Modulation of pericellular proteolysis and cell motility by SERPINE1. The physiological control of pericellular proteolysis and its effect on cell motility is governed by plasmin generation and plasmin-initiated downstream MMP activation. Plasmin activation is PA mediated and tightly controlled by SERPINE1 (plasminogen activator inhibitor type-1, PAI-1) through multiple extra- and intracellular mechanisms. (1) Binding of PAI-1 to uPA:uPAR:integrin induces endocytosis of these complexes by members of the LDL-receptor gene family (i.e., LRP-1, VLDL-R) and, ultimately, the lysosomal degradation of uPA:PAI-1 coupled with the recycling of integrins, uPAR, and LRP-1 back to the plasma membrane. This process supports an equilibrium in local cell adhesion and extracellular matrix (ECM) turnover. (2) Pericellular active, latent, or cleaved PAI-1 can bind directly to LRP-1, initiate tyrosine phosphorylation on the cytoplasmic tail sequence of LRP-1 resulting in activation of the Jak/Stat1 signaling pathway. Stat-1 nuclear translocation initiates de novo synthesis of PAI-1. In invasive cells, integrins, uPAR, and LRP-1 can be redirected during the recycling process to the leading edge of the motile cell. (3) Focal proteolysis at the invasive front of cancer cells shifts the equilibrium from ECM maintenance to ECM degradation released matrix-embedded cytokines and growth factors that stimulate further transcriptional upregulation of the PAI-1 gene (i.e., TGFβ1 through Smad signaling; see text). Elevated PAI-1 levels, typical for the microenvironment surrounding highly invasive cells, induce a rapid increase in the frequency of attachment-detachment-receptor recycling-reattachment steps, supporting accelerated proteinase production through PAs with positive impact on cell migration

Regulation of Cell Adhesion by PAI-1

Cell adhesion is mediated through interactions between various ECM proteins and several cell surface molecules (i.e., integrins, uPAR, GAGs). The regulatory function of PAI-1 on cell adhesion is mediated mainly through its interaction with receptor-bound uPA (uPA:uPAR). In this scenario, binding of pro-uPA to uPAR, (a) allows for the most efficient activation of uPA by plasmin and (b) changes the conformation of uPAR facilitating interaction between the uPA:uPAR complex and several ECM-engaged integrins (containing β1, β2, and β3 subdomains) (Czekay and Loskutoff 2009). Inhibition of uPA in uPA:uPAR:integrin complexes by PAI-1 results in: (a) covalent interaction between uPA and PAI-1; (b) conformational modifications in uPAR and associated integrins leading to decrease in their affinity for ECM binding sites; (c) accessibility of a previously hidden epitope on PAI-1 that promotes binding to the endocytic receptors, LRP-1 and VLDL-R (Stefansson et al. 1998). Upon membrane clearance, uPA:PAI-1 complexes undergo lysosomal degradation, while integrins, uPAR, and endocytic receptors are recycled back to the cell surface.

This uAP:uPAR-dependent process regulates integrin activity and the subsequent detachment of ECM-bound integrins from various matrices by PAI-1 (Czekay et al. 2011). Conformational changes in uPAR and integrins would allow for a sufficient decrease in binding affinities for their respective ECM substrates to allow a reduction in cell attachment force, even without subsequent endocytic clearance by LRP-1. However, if cointernalization of uPAR and integrins should occur via LRP-1 or VLDL-R, it would not only support cellular motility by recycling cell adhesion receptors (integrins) but also uPAR. The novelty in this mechanism is that it provides a means to co-redistribute a cellular adhesion component and an ECM degradation component to support stromal invasion.

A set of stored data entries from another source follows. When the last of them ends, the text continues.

(* Let $H$ be a cancellative monoid and $r$ an ideal system on $H$ such that $(\mathcal I_r(H),\cdot_r)$ is unit-cancellative. Suppose there are a non-$r$-cancellation ideal $I\in\mathcal I_r(H)$, an atom $J_1$ of $\mathcal I_r(H)$, and an element $J_2\in\mathcal I_r(H)$ that is not an atom of $\mathcal I_r(H)$, such that $I\cdot_r J_1=I\cdot_r J_2$. Then $\mathcal I_r(H)$ is not a transfer Krull monoid.
   Context: Ideal system $r$ on a cancellative monoid $H$: a map $X\mapsto X_r$ on subsets of $H$ with $X\subseteq X_r$; $X\subseteq Y_r\Rightarrow X_r\subseteq Y_r$; $aH\subseteq\{a\}_r$; $aX_r=(aX)_r$. $\mathcal I_r(H)$ is the set of nonempty $r$-ideals ($I_r=I$) with $I\cdot_rJ=(IJ)_r$, a reduced semigroup with identity $H$. $I$ is an $r$-cancellation ideal if $I\cdot_rJ_1=I\cdot_rJ_2$ implies $J_1=J_2$. Monoids are commutative, unit-cancellative, with identity; an atom is a non-unit $u$ with $u=ab\Rightarrow a$ or $b$ a unit. A monoid homomorphism $\theta:H\to B$ is a transfer homomorphism if (T1) $B=\theta(H)B^\times$ and $\theta^{-1}(B^\times)=H^\times$, and (T2) whenever $\theta(u)=bc$ with $u\in H$, $b,c\in B$, there are $v,w\in H$ with $u=vw$, $\theta(v)\in bB^\times$, $\theta(w)\in cB^\times$. A Krull monoid is a cancellative monoid admitting a divisor homomorphism into a factorial monoid. A monoid is transfer Krull if it admits a transfer homomorphism to a Krull monoid. *)

theory Defs
  imports "HOL-Algebra.Divisibility"
begin

definition cancellative_monoid :: "('a, 'm) monoid_scheme \<Rightarrow> bool" where
  "cancellative_monoid H \<longleftrightarrow> comm_monoid_cancel H"

definition unit_cancellative :: "('a, 'm) monoid_scheme \<Rightarrow> bool" where
  "unit_cancellative H \<longleftrightarrow>
     (\<forall>a\<in>carrier H. \<forall>b\<in>carrier H.
        (a = a \<otimes>\<^bsub>H\<^esub> b \<or> a = b \<otimes>\<^bsub>H\<^esub> a) \<longrightarrow> b \<in> Units H)"

definition atom :: "('a, 'm) monoid_scheme \<Rightarrow> 'a \<Rightarrow> bool" where
  "atom H u \<longleftrightarrow> u \<in> carrier H \<and> u \<notin> Units H \<and>
     (\<forall>a\<in>carrier H. \<forall>b\<in>carrier H. u = a \<otimes>\<^bsub>H\<^esub> b \<longrightarrow> a \<in> Units H \<or> b \<in> Units H)"

definition set_mult :: "('a, 'm) monoid_scheme \<Rightarrow> 'a set \<Rightarrow> 'a set \<Rightarrow> 'a set" where
  "set_mult H X Y = {x \<otimes>\<^bsub>H\<^esub> y | x y. x \<in> X \<and> y \<in> Y}"

definition ideal_system :: "('a, 'm) monoid_scheme \<Rightarrow> ('a set \<Rightarrow> 'a set) \<Rightarrow> bool" where
  "ideal_system H r \<longleftrightarrow>
     (\<forall>X. X \<subseteq> carrier H \<longrightarrow> X \<subseteq> r X \<and> r X \<subseteq> carrier H) \<and>
     (\<forall>X Y. X \<subseteq> carrier H \<longrightarrow> Y \<subseteq> carrier H \<longrightarrow> X \<subseteq> r Y \<longrightarrow> r X \<subseteq> r Y) \<and>
     (\<forall>a\<in>carrier H. set_mult H {a} (carrier H) \<subseteq> r {a}) \<and>
     (\<forall>a\<in>carrier H. \<forall>X. X \<subseteq> carrier H \<longrightarrow>
        set_mult H {a} (r X) = r (set_mult H {a} X))"

definition r_ideals :: "('a, 'm) monoid_scheme \<Rightarrow> ('a set \<Rightarrow> 'a set) \<Rightarrow> 'a set set" where
  "r_ideals H r = {I. I \<subseteq> carrier H \<and> I \<noteq> {} \<and> r I = I}"

definition r_ideal_monoid :: "('a, 'm) monoid_scheme \<Rightarrow> ('a set \<Rightarrow> 'a set) \<Rightarrow> 'a set monoid" where
  "r_ideal_monoid H r =
     \<lparr>carrier = r_ideals H r, mult = (\<lambda>I J. r (set_mult H I J)), one = carrier H\<rparr>"

definition r_cancellation_ideal :: "('a, 'm) monoid_scheme \<Rightarrow> ('a set \<Rightarrow> 'a set) \<Rightarrow> 'a set \<Rightarrow> bool" where
  "r_cancellation_ideal H r I \<longleftrightarrow>
     (\<forall>J1\<in>r_ideals H r. \<forall>J2\<in>r_ideals H r.
        r (set_mult H I J1) = r (set_mult H I J2) \<longrightarrow> J1 = J2)"

definition monoid_homomorphism ::
  "('a, 'm) monoid_scheme \<Rightarrow> ('b, 'n) monoid_scheme \<Rightarrow> ('a \<Rightarrow> 'b) \<Rightarrow> bool" where
  "monoid_homomorphism H B \<theta> \<longleftrightarrow>
     (\<forall>x\<in>carrier H. \<theta> x \<in> carrier B) \<and> \<theta> \<one>\<^bsub>H\<^esub> = \<one>\<^bsub>B\<^esub> \<and>
     (\<forall>x\<in>carrier H. \<forall>y\<in>carrier H. \<theta> (x \<otimes>\<^bsub>H\<^esub> y) = \<theta> x \<otimes>\<^bsub>B\<^esub> \<theta> y)"

definition transfer_hom ::
  "('a, 'm) monoid_scheme \<Rightarrow> ('b, 'n) monoid_scheme \<Rightarrow> ('a \<Rightarrow> 'b) \<Rightarrow> bool" where
  "transfer_hom H B \<theta> \<longleftrightarrow>
     monoid_homomorphism H B \<theta> \<and>
     (\<forall>b\<in>carrier B. \<exists>u\<in>carrier H. \<exists>e\<in>Units B. b = \<theta> u \<otimes>\<^bsub>B\<^esub> e) \<and>
     {u \<in> carrier H. \<theta> u \<in> Units B} = Units H \<and>
     (\<forall>u\<in>carrier H. \<forall>b\<in>carrier B. \<forall>c\<in>carrier B. \<theta> u = b \<otimes>\<^bsub>B\<^esub> c \<longrightarrow>
        (\<exists>v\<in>carrier H. \<exists>w\<in>carrier H. u = v \<otimes>\<^bsub>H\<^esub> w \<and>
           (\<exists>e\<in>Units B. \<theta> v = b \<otimes>\<^bsub>B\<^esub> e) \<and> (\<exists>e\<in>Units B. \<theta> w = c \<otimes>\<^bsub>B\<^esub> e)))"

definition divisor_hom ::
  "('a, 'm) monoid_scheme \<Rightarrow> ('b, 'n) monoid_scheme \<Rightarrow> ('a \<Rightarrow> 'b) \<Rightarrow> bool" where
  "divisor_hom H F \<phi> \<longleftrightarrow>
     monoid_homomorphism H F \<phi> \<and>
     (\<forall>a\<in>carrier H. \<forall>b\<in>carrier H. \<phi> a divides\<^bsub>F\<^esub> \<phi> b \<longrightarrow> a divides\<^bsub>H\<^esub> b)"

(* Krull monoid: cancellative monoid with a divisor homomorphism into a factorial monoid.
   The factorial monoid lives in a type 'c, given explicitly by TYPE('c). *)
definition krull_monoid :: "'c itself \<Rightarrow> ('b, 'n) monoid_scheme \<Rightarrow> bool" where
  "krull_monoid (_ :: 'c itself) B \<longleftrightarrow> cancellative_monoid B \<and>
     (\<exists>(F :: 'c monoid) \<phi>. factorial_monoid F \<and> divisor_hom B F \<phi>)"

(* transfer Krull, with the Krull monoid in type 'b and its factorial monoid in type 'c *)
definition transfer_krull :: "'b itself \<Rightarrow> 'c itself \<Rightarrow> ('a, 'm) monoid_scheme \<Rightarrow> bool" where
  "transfer_krull (_ :: 'b itself) (tc :: 'c itself) H \<longleftrightarrow>
     (\<exists>(B :: 'b monoid) \<theta>. krull_monoid tc B \<and> transfer_hom H B \<theta>)"

end

theory Submission
  imports Defs
begin

text \<open>A transfer homomorphism \<open>\<theta>\<close> into a Krull monoid \<open>B\<close> both preserves and reflects
  atoms. Applying \<open>\<theta>\<close> to \<open>I \<cdot>\<^sub>r J\<^sub>1 = I \<cdot>\<^sub>r J\<^sub>2\<close> and cancelling \<open>\<theta> I\<close> in the cancellative
  monoid \<open>B\<close> gives \<open>\<theta> J\<^sub>1 = \<theta> J\<^sub>2\<close>, so the atom \<open>J\<^sub>1\<close> and the non-atom \<open>J\<^sub>2\<close> would have the
  same image.\<close>

lemma transfer_hom_Units_iff:
  assumes "transfer_hom H B \<theta>" and "x \<in> carrier H"
  shows "\<theta> x \<in> Units B \<longleftrightarrow> x \<in> Units H"
  using assms unfolding transfer_hom_def by blast

lemma transfer_hom_preserves_atom:
  assumes "comm_monoid B" and tr: "transfer_hom H B \<theta>" and u: "atom H u"
  shows "atom B (\<theta> u)"
proof -
  interpret B: comm_monoid B by fact
  have u_carrier: "u \<in> carrier H" and u_nonunit: "u \<notin> Units H"
    and u_irred: "\<And>v w. v \<in> carrier H \<Longrightarrow> w \<in> carrier H \<Longrightarrow> u = v \<otimes>\<^bsub>H\<^esub> w \<Longrightarrow>
                   v \<in> Units H \<or> w \<in> Units H"
    using u unfolding atom_def by blast+
  have "\<theta> u \<in> carrier B"
    using tr u_carrier unfolding transfer_hom_def monoid_homomorphism_def by blast
  moreover have "\<theta> u \<notin> Units B"
    using transfer_hom_Units_iff[OF tr u_carrier] u_nonunit by blast
  moreover have "b \<in> Units B \<or> c \<in> Units B"
    if b: "b \<in> carrier B" and c: "c \<in> carrier B" and bc: "\<theta> u = b \<otimes>\<^bsub>B\<^esub> c" for b c
  proof -
    obtain v w e e' where vw: "v \<in> carrier H" "w \<in> carrier H" "u = v \<otimes>\<^bsub>H\<^esub> w"
      and e: "e \<in> Units B" "\<theta> v = b \<otimes>\<^bsub>B\<^esub> e"
      and e': "e' \<in> Units B" "\<theta> w = c \<otimes>\<^bsub>B\<^esub> e'"
      using tr u_carrier b c bc unfolding transfer_hom_def by meson
    from u_irred[OF vw] show ?thesis
      using transfer_hom_Units_iff[OF tr] vw e e' b c B.unit_factor B.Units_closed by metis
  qed
  ultimately show ?thesis
    unfolding atom_def by blast
qed

lemma transfer_hom_reflects_atom:
  assumes tr: "transfer_hom H B \<theta>" and u: "u \<in> carrier H" and image_atom: "atom B (\<theta> u)"
  shows "atom H u"
proof (rule ccontr)
  assume "\<not> atom H u"
  moreover have "u \<notin> Units H"
    using image_atom transfer_hom_Units_iff[OF tr u] unfolding atom_def by blast
  ultimately obtain a b where ab: "a \<in> carrier H" "b \<in> carrier H" "u = a \<otimes>\<^bsub>H\<^esub> b"
    "a \<notin> Units H" "b \<notin> Units H"
    using u unfolding atom_def by blast
  have "monoid_homomorphism H B \<theta>"
    using tr unfolding transfer_hom_def by blast
  then have "\<theta> u = \<theta> a \<otimes>\<^bsub>B\<^esub> \<theta> b" and "\<theta> a \<in> carrier B" and "\<theta> b \<in> carrier B"
    using ab unfolding monoid_homomorphism_def by simp_all
  moreover have "\<theta> a \<notin> Units B" and "\<theta> b \<notin> Units B"
    using transfer_hom_Units_iff[OF tr] ab by simp_all
  ultimately show False
    using image_atom unfolding atom_def by blast
qed

lemma transfer_hom_atom_iff:
  assumes "comm_monoid B" and "transfer_hom H B \<theta>" and "u \<in> carrier H"
  shows "atom B (\<theta> u) \<longleftrightarrow> atom H u"
  using assms transfer_hom_preserves_atom transfer_hom_reflects_atom by metis

lemma transfer_hom_cancel:
  assumes "comm_monoid_cancel B" and tr: "transfer_hom H B \<theta>"
    and "x \<in> carrier H" "y \<in> carrier H" "z \<in> carrier H"
    and "x \<otimes>\<^bsub>H\<^esub> y = x \<otimes>\<^bsub>H\<^esub> z"
  shows "\<theta> y = \<theta> z"
proof -
  interpret B: comm_monoid_cancel B by fact
  have hom: "monoid_homomorphism H B \<theta>"
    using tr unfolding transfer_hom_def by blast
  then have "\<theta> x \<otimes>\<^bsub>B\<^esub> \<theta> y = \<theta> x \<otimes>\<^bsub>B\<^esub> \<theta> z"
    using assms unfolding monoid_homomorphism_def by metis
  then show ?thesis
    using hom assms B.l_cancel unfolding monoid_homomorphism_def by blast
qed

theorem lemma4p8:
  fixes H :: "'a monoid" and r :: "'a set \<Rightarrow> 'a set"
    and I J1 J2 :: "'a set"
  assumes "cancellative_monoid H"
    and "ideal_system H r"
    and "unit_cancellative (r_ideal_monoid H r)"
    and "I \<in> r_ideals H r" and "\<not> r_cancellation_ideal H r I"
    and "atom (r_ideal_monoid H r) J1"
    and "J2 \<in> r_ideals H r" and "\<not> atom (r_ideal_monoid H r) J2"
    and "r (set_mult H I J1) = r (set_mult H I J2)"
  shows "\<not> transfer_krull TYPE('b) TYPE('c) (r_ideal_monoid H r)"
proof
  let ?M = "r_ideal_monoid H r"
  assume "transfer_krull TYPE('b) TYPE('c) ?M"
  then obtain B :: "'b monoid" and \<theta> where "krull_monoid TYPE('c) B" and tr: "transfer_hom ?M B \<theta>"
    unfolding transfer_krull_def by blast
  then have B: "comm_monoid_cancel B"
    unfolding krull_monoid_def cancellative_monoid_def by blast
  have carriers: "I \<in> carrier ?M" "J1 \<in> carrier ?M" "J2 \<in> carrier ?M"
    using assms(4,6,7) unfolding atom_def by (simp_all add: r_ideal_monoid_def)
  have "I \<otimes>\<^bsub>?M\<^esub> J1 = I \<otimes>\<^bsub>?M\<^esub> J2"
    using assms(9) by (simp add: r_ideal_monoid_def)
  then have "\<theta> J1 = \<theta> J2"
    using transfer_hom_cancel[OF B tr] carriers by blast
  moreover have "comm_monoid B"
    using B by (simp add: comm_monoid_cancel_def)
  ultimately show False
    using transfer_hom_atom_iff[OF _ tr] carriers assms(6,8) by metis
qed

end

During wound healing, extracellular matrix proteins residing in plasma (fibrinogen, fibronectin (FN), and VN) are exposed to various cell types in the wound bed. Integrins, specifically the VN-receptor integrin αVβ3, and PAs are all upregulated during wound healing (Toriseva and Kähäri 2009). The N-terminal Somatomedin B domain (SMB; aa 1–39) in VN contains the partially overlapping binding sites for uPAR and PAI-1, which are located adjacent to the binding site (R45G46D47) for the VN receptor (Czekay et al. 2011). In the presence of VN (Fig. 4), both integrins and uPA-occupied uPAR will interact with VN facilitating cell adhesion. In this process, uPAR will partially obstruct the PAI-1 binding site in the SMB domain and, together with the engaged integrins, prevent PAI-1 binding to VN (Deng et al. 2001). In cases where cell adhesion to VN is facilitated mainly through uPAR (i.e., in the absence of VN-receptors), PAI-1 can competitively displace VN-engaged uPAR due to its higher affinity for VN compared to that of uPAR (Deng et al. 2001). PAI-1, however, is not capable of displacing preengaged integrins or integrin plus uPAR from VN. In those cases, PAI-1 will affect cell “detachment” through the uPA-specific process leading to endocytic clearance of uPA:uPAR:integrin complexes. PAI-1, when present at elevated concentrations, also prevents reattachment of the cells to the same VN molecule by binding to its own, now unoccupied, binding site in the SMB domain of VN (Czekay et al. 2011).
SerpinE1, Fig. 4

SERPINE1 regulates cell adhesion by modulating binding of adhesion receptors to vitronectin. (a) Schematic illustration of domains on human vitronectin (VN) subject to regulation by SERPINE1 (PAI-1). The N-terminal Somatomedin-B domain (SMB) contains the two overlapping binding sites for PAI-1 and uPAR. Just outside the SMB domain, adjacent to the uPAR-binding site, amino acid residues R45G46D47 represent the core sequence of an integrin-binding epitope. Recently, a second binding site for PAI-1 has been described (see text). (b) Cell adhesion to VN is stabilized through binding of VN-specific integrins and uPA-occupied uPAR to their respective sites in VN. PAI-1 will engage the active proteinase uPA and the subsequently induced conformational changes in uPAR and integrins lower their binding efficiency resulting in detachment and endocytic clearance. Recycled VN-specific integrins and uPAR only reengage the VN matrix if the PAI-1 binding site in VN is unoccupied (i.e., low PAI-1 concentration; increase in local adhesion). In the case of elevated PAI-1 levels, as in the pericellular microenvironment surrounding invasive cancer cells, the inhibitor will bind rapidly to its epitope in the SMB domain of VN, competitively blocking the binding of uPAR and preventing integrin binding to the RGD sequence, the latter presumably through steric hindrance. Blocking reattachment to the VN-matrix could flip an “adhesion switch” to initiate a motile phenotype leading cells to migrate onto alternative stromal ECM proteins (see text for more details)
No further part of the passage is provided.